Wednesday 28 September 2011

Spicy pasta meatballs


  • 4 Pork and chorizo burgers (or any speciality burgers from a supermarket)
  • 6 Pork and chorizo sausages (or any speciality sausages from a supermarket)
  • 2 large onions cut into chunks
  • 4 rashers of bacon cut into small pieces
  • 8-10 large mushrooms cut into chunks
  • 300ml red wine
  • 2 jars tomato sauce
  • smoked paprika
  • dried chilli to taste
Heat a large flat bottomed pan on the stove with some oil in.

Cut each burger into eighths and roll gently into ball shapes.  Cut the skin of the sausages and take out the meat and roll into balls equal in size to the burger ones.  Put all the formed meatballs into the pan and lightly brown them then put them to one side.

Saute the onions in the empty pan for around 5 minutes until soft and then add the bacon and cook as well.  Finally add the mushrooms and saute until cooked.  Add around a teaspoon of smoked paprika and stir until all is coated.  Add the chilli to taste (just a pinch makes it nice and spicy).

Pour in the jars of tomato sauce and add the red wine.  Bring to the boil and then simmer and add the browned meatballs.  Cook on simmer for around 30 mins.

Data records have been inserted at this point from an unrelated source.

theorem lemma3p1:
  fixes m :: nat
    and K Ob :: "'a::euclidean_space set"
    and f :: "nat \<Rightarrow> 'a \<Rightarrow> real" and gf :: "nat \<Rightarrow> 'a \<Rightarrow> 'a" and Hf :: "nat \<Rightarrow> 'a \<Rightarrow> 'a \<Rightarrow> 'a"
    and G :: "'a \<Rightarrow> real" and \<mu> L :: real
    and E :: "(nat \<times> nat) set" and W :: "nat \<Rightarrow> nat \<Rightarrow> real"
    and ft :: "nat \<Rightarrow> 'a \<Rightarrow> 'a \<Rightarrow> real" and gft :: "nat \<Rightarrow> 'a \<Rightarrow> 'a \<Rightarrow> 'a"
    and Hft :: "nat \<Rightarrow> 'a \<Rightarrow> 'a \<Rightarrow> 'a \<Rightarrow> 'a"
    and Lt \<mu>t Dl Du :: "nat \<Rightarrow> real"
    and \<alpha> :: real
    and x y xhat xhalf :: "nat \<Rightarrow> nat \<Rightarrow> 'a"
    and F U :: "'a \<Rightarrow> real" and gF :: "'a \<Rightarrow> 'a" and HF :: "'a \<Rightarrow> 'a \<Rightarrow> 'a"
  assumes m_pos: "m \<ge> 1"
    \<comment> \<open>(A)\<close>
    and K_nonempty: "K \<noteq> {}" and K_closed: "closed K" and K_convex: "convex K"
    and O_open: "open Ob" and K_sub_O: "K \<subseteq> Ob"
    and f_grad: "\<And>i z. i < m \<Longrightarrow> z \<in> Ob \<Longrightarrow> (f i has_derivative (\<lambda>h. gf i z \<bullet> h)) (at z)"
    and f_hess: "\<And>i z. i < m \<Longrightarrow> z \<in> Ob \<Longrightarrow> (gf i has_derivative Hf i z) (at z)"
    and f_convex: "\<And>i. i < m \<Longrightarrow> convex_on K (f i)"
    and F_def: "\<And>z. F z = (1 / real m) * (\<Sum>i<m. f i z)"
    and gF_def: "\<And>z. gF z = (1 / real m) *\<^sub>R (\<Sum>i<m. gf i z)"
    and HF_def: "\<And>z h. HF z h = (1 / real m) *\<^sub>R (\<Sum>i<m. Hf i z h)"
    and mu_pos: "\<mu> > 0"
    and F_hess_bounds: "\<And>z h. z \<in> K \<Longrightarrow>
          \<mu> * (norm h)\<^sup>2 \<le> h \<bullet> HF z h \<and> h \<bullet> HF z h \<le> L * (norm h)\<^sup>2"
    and G_convex: "convex_on K G"
    and U_def: "\<And>z. U z = F z + G z"
    \<comment> \<open>(B)\<close>
    and graph: "connected_undirected_graph m E"
    \<comment> \<open>(W)\<close>
    and W_diag: "\<And>i. i < m \<Longrightarrow> W i i > 0"
    and W_offdiag: "\<And>i j. i < m \<Longrightarrow> j < m \<Longrightarrow> i \<noteq> j \<Longrightarrow>
          (W i j > 0 \<longleftrightarrow> (i, j) \<in> E) \<and> ((i, j) \<notin> E \<longrightarrow> W i j = 0)"
    and W_row: "\<And>i. i < m \<Longrightarrow> (\<Sum>j<m. W i j) = 1"
    and W_col: "\<And>j. j < m \<Longrightarrow> (\<Sum>i<m. W i j) = 1"
    \<comment> \<open>(C)\<close>
    and ft_C2: "\<And>i. i < m \<Longrightarrow> C2_on (Ob \<times> Ob) (\<lambda>p. ft i (fst p) (snd p))"
    and ft_grad: "\<And>i z w. i < m \<Longrightarrow> z \<in> Ob \<Longrightarrow> w \<in> Ob \<Longrightarrow>
          ((\<lambda>v. ft i v w) has_derivative (\<lambda>h. gft i z w \<bullet> h)) (at z)"
    and ft_hess: "\<And>i z w. i < m \<Longrightarrow> z \<in> Ob \<Longrightarrow> w \<in> Ob \<Longrightarrow>
          ((\<lambda>v. gft i v w) has_derivative Hft i z w) (at z)"
    and ft_consistent: "\<And>i z. i < m \<Longrightarrow> z \<in> Ob \<Longrightarrow> gft i z z = gf i z"
    and ft_lipschitz: "\<And>i w. i < m \<Longrightarrow> w \<in> K \<Longrightarrow> (Lt i)-lipschitz_on K (\<lambda>v. gft i v w)"
    and mut_pos: "\<And>i. i < m \<Longrightarrow> \<mu>t i > 0"
    and ft_strongly_convex: "\<And>i w. i < m \<Longrightarrow> w \<in> K \<Longrightarrow> strongly_convex_on K (\<mu>t i) (\<lambda>v. ft i v w)"
    and D_le: "\<And>i. i < m \<Longrightarrow> Dl i \<le> Du i"
    and ft_hess_bounds: "\<And>i z w h. i < m \<Longrightarrow> z \<in> K \<Longrightarrow> w \<in> K \<Longrightarrow>
          Dl i * (norm h)\<^sup>2 \<le> h \<bullet> (Hft i z w h - HF z h) \<and>
          h \<bullet> (Hft i z w h - HF z h) \<le> Du i * (norm h)\<^sup>2"
    \<comment> \<open>SONATA\<close>
    and step: "0 < \<alpha>" "\<alpha> \<le> 1"
    and x0: "\<And>i. i < m \<Longrightarrow> x 0 i \<in> K"
    and y0: "\<And>i. i < m \<Longrightarrow> y 0 i = gf i (x 0 i)"
    and xhat_in: "\<And>\<nu> i. i < m \<Longrightarrow> xhat \<nu> i \<in> K"
    and xhat_min: "\<And>\<nu> i z. i < m \<Longrightarrow> z \<in> K \<Longrightarrow>
          ft i (xhat \<nu> i) (x \<nu> i) + (y \<nu> i - gf i (x \<nu> i)) \<bullet> (xhat \<nu> i - x \<nu> i) + G (xhat \<nu> i)
          \<le> ft i z (x \<nu> i) + (y \<nu> i - gf i (x \<nu> i)) \<bullet> (z - x \<nu> i) + G z"
    and xhalf_def: "\<And>\<nu> i. i < m \<Longrightarrow> xhalf \<nu> i = x \<nu> i + \<alpha> *\<^sub>R (xhat \<nu> i - x \<nu> i)"
    and x_next: "\<And>\<nu> i. i < m \<Longrightarrow> x (Suc \<nu>) i = (\<Sum>j<m. W i j *\<^sub>R xhalf \<nu> j)"
    and y_next: "\<And>\<nu> i. i < m \<Longrightarrow> y (Suc \<nu>) i =
          (\<Sum>j<m. W i j *\<^sub>R (y \<nu> j + gf j (x (Suc \<nu>) j) - gf j (x \<nu> j)))"
  shows "\<forall>i<m. \<forall>\<nu>.
     U (xhalf \<nu> i) \<le> U (x \<nu> i)
       - \<alpha> * ((1 - \<alpha> / 2) * \<mu>t i + \<alpha> / 2 * Dl i) * (norm (xhat \<nu> i - x \<nu> i))\<^sup>2
       + \<alpha> * norm (xhat \<nu> i - x \<nu> i) * norm (gF (x \<nu> i) - y \<nu> i)"
proof -
  have W_nonneg: "0 \<le> W i j" if "i < m" "j < m" for i j
    using W_diag[OF that(1)] W_offdiag[OF that] by (cases "i = j") (auto simp: less_le)
  have F_grad: "(F has_derivative (\<lambda>h. gF z \<bullet> h)) (at z)" if "z \<in> K" for z
    using has_derivative_average[of m f "\<lambda>i h. gf i z \<bullet> h"] f_grad K_sub_O that
    by (auto simp: F_def[abs_def] gF_def inner_sum_left)
  have gF_hess: "(gF has_derivative HF z) (at z)" if "z \<in> K" for z
    using has_derivative_average[of m gf "\<lambda>i. Hf i z"] f_hess K_sub_O that
    by (auto simp: gF_def[abs_def] HF_def[abs_def])
  show ?thesis
  proof (intro allI impI)
    fix i \<nu> assume i: "i < m"
    have xK: "x \<nu> i \<in> K"
      by (rule sonata_iterates_in_convex[where W = W and xhat = xhat and \<alpha> = \<alpha>])
         (use K_convex step W_nonneg W_row x0 xhat_in i in \<open>auto simp: x_next xhalf_def\<close>)
    then have xO: "x \<nu> i \<in> Ob" using K_sub_O by blast
    show "U (xhalf \<nu> i) \<le> U (x \<nu> i)
       - \<alpha> * ((1 - \<alpha> / 2) * \<mu>t i + \<alpha> / 2 * Dl i) * (norm (xhat \<nu> i - x \<nu> i))\<^sup>2
       + \<alpha> * norm (xhat \<nu> i - x \<nu> i) * norm (gF (x \<nu> i) - y \<nu> i)"
      unfolding xhalf_def[OF i] U_def
      by (rule surrogate_descent_step[where gs = "\<lambda>z. gft i z (x \<nu> i)"
            and Hs = "\<lambda>z. Hft i z (x \<nu> i)" and v = "y \<nu> i",
            OF K_convex xK xhat_in[OF i] _ step(2) F_grad gF_hess _ _ _
            ft_strongly_convex[OF i xK] G_convex])
         (use step(1) xhat_min[OF i] ft_hess_bounds[OF i _ xK] ft_grad[OF i _ xO] ft_hess[OF i _ xO]
            ft_consistent[OF i xO] subsetD[OF K_sub_O] in auto)
  qed
qed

15 mins into the simmer, put on the pasta of your choice.  Then once cooked serve with Parmesan cheese and enjoy :)

Tuesday 13 September 2011

Goats cheese and red onion tartlets


I make these tarts using my proper Yorkshire pudding tin (4 shallow cups in the tin) so it makes perfect shallow little tarts.


  • 4 slices of bread
  • Splash of olive oil
  • 2 large red onions cut in half and very thinly sliced
  • 50ml red wine
  • 50ml balsamic vinegar
  • 2 tbsp brown sugar
  • 1 small round of goats cheese (from the chiller aisle, not the cheese counter, there's one in a white packet with a goat on the top for 99p), sliced into 4 circles.
Preheat oven to 180 degrees.

Heat the oil in a shallow based frying pan, add the onion and saute for 5-10 minutes until soft.

Add the red wine, balsamic vinegar and brown sugar and simmer on a low heat for around 20mins until the liquid goes thick and sticky.

Grease the Yorkshire Pudding tins.  Get a cookie cutter or a saucer a little bigger than the size of the yorkshire pudding cup and cut out circles of bread.  Put them into the cups and gently push them into the edges to form a little case.

Divide the onion mixture equally between the cases and lay a slice of goats cheese on the top of each tart.  Put in the oven for 10-15 mins until the cheese goes golden brown on top.